• To do
Every entry below, first to last, should be restated word for word.

• Task inputs

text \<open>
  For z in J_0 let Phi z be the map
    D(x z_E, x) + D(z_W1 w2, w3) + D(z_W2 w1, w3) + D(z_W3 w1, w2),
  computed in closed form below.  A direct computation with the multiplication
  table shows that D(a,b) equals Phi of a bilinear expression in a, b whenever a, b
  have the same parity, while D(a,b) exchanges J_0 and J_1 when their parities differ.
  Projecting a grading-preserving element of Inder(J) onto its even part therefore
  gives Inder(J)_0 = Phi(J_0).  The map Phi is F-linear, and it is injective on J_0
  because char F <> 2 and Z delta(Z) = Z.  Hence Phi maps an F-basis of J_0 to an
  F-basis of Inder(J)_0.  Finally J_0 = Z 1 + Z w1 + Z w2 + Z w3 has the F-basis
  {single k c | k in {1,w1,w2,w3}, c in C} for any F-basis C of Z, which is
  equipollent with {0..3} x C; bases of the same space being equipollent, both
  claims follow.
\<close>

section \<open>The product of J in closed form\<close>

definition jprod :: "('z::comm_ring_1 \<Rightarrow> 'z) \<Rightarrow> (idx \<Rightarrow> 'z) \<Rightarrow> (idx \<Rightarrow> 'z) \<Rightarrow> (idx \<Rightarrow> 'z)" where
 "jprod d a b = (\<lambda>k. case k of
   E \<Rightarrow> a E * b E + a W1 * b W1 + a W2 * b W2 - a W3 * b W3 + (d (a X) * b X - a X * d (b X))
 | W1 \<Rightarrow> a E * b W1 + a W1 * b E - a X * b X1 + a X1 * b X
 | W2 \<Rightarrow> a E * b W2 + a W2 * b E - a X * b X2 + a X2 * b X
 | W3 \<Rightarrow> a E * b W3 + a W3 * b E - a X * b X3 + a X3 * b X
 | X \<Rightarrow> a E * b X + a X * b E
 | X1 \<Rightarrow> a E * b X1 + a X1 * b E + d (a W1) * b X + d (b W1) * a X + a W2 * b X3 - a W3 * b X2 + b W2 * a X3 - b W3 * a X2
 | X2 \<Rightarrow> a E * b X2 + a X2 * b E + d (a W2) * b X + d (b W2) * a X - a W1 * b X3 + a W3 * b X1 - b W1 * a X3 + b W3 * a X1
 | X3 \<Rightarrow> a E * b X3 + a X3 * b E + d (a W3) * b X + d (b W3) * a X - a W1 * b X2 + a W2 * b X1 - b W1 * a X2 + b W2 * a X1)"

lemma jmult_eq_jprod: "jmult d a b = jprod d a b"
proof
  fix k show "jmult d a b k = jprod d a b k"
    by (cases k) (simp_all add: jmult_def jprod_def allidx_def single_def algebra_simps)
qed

• Exercise response
text \<open>
  For z in J_0 let Phi z be the map
    D(x z_E, x) + D(z_W1 w2, w3) + D(z_W2 w1, w3) + D(z_W3 w1, w2),
  computed in closed form below.  A direct computation with the multiplication
  table shows that D(a,b) equals Phi of a bilinear expression in a, b whenever a, b
  have the same parity, while D(a,b) exchanges J_0 and J_1 when their parities differ.
  Projecting a grading-preserving element of Inder(J) onto its even part therefore
  gives Inder(J)_0 = Phi(J_0).  The map Phi is F-linear, and it is injective on J_0
  because char F <> 2 and Z delta(Z) = Z.  Hence Phi maps an F-basis of J_0 to an
  F-basis of Inder(J)_0.  Finally J_0 = Z 1 + Z w1 + Z w2 + Z w3 has the F-basis
  {single k c | k in {1,w1,w2,w3}, c in C} for any F-basis C of Z, which is
  equipollent with {0..3} x C; bases of the same space being equipollent, both
  claims follow.
\<close>

section \<open>The product of J in closed form\<close>

definition jprod :: "('z::comm_ring_1 \<Rightarrow> 'z) \<Rightarrow> (idx \<Rightarrow> 'z) \<Rightarrow> (idx \<Rightarrow> 'z) \<Rightarrow> (idx \<Rightarrow> 'z)" where
 "jprod d a b = (\<lambda>k. case k of
   E \<Rightarrow> a E * b E + a W1 * b W1 + a W2 * b W2 - a W3 * b W3 + (d (a X) * b X - a X * d (b X))
 | W1 \<Rightarrow> a E * b W1 + a W1 * b E - a X * b X1 + a X1 * b X
 | W2 \<Rightarrow> a E * b W2 + a W2 * b E - a X * b X2 + a X2 * b X
 | W3 \<Rightarrow> a E * b W3 + a W3 * b E - a X * b X3 + a X3 * b X
 | X \<Rightarrow> a E * b X + a X * b E
 | X1 \<Rightarrow> a E * b X1 + a X1 * b E + d (a W1) * b X + d (b W1) * a X + a W2 * b X3 - a W3 * b X2 + b W2 * a X3 - b W3 * a X2
 | X2 \<Rightarrow> a E * b X2 + a X2 * b E + d (a W2) * b X + d (b W2) * a X - a W1 * b X3 + a W3 * b X1 - b W1 * a X3 + b W3 * a X1
 | X3 \<Rightarrow> a E * b X3 + a X3 * b E + d (a W3) * b X + d (b W3) * a X - a W1 * b X2 + a W2 * b X1 - b W1 * a X2 + b W2 * a X1)"

lemma jmult_eq_jprod: "jmult d a b = jprod d a b"
proof
  fix k show "jmult d a b k = jprod d a b k"
    by (cases k) (simp_all add: jmult_def jprod_def allidx_def single_def algebra_simps)
qed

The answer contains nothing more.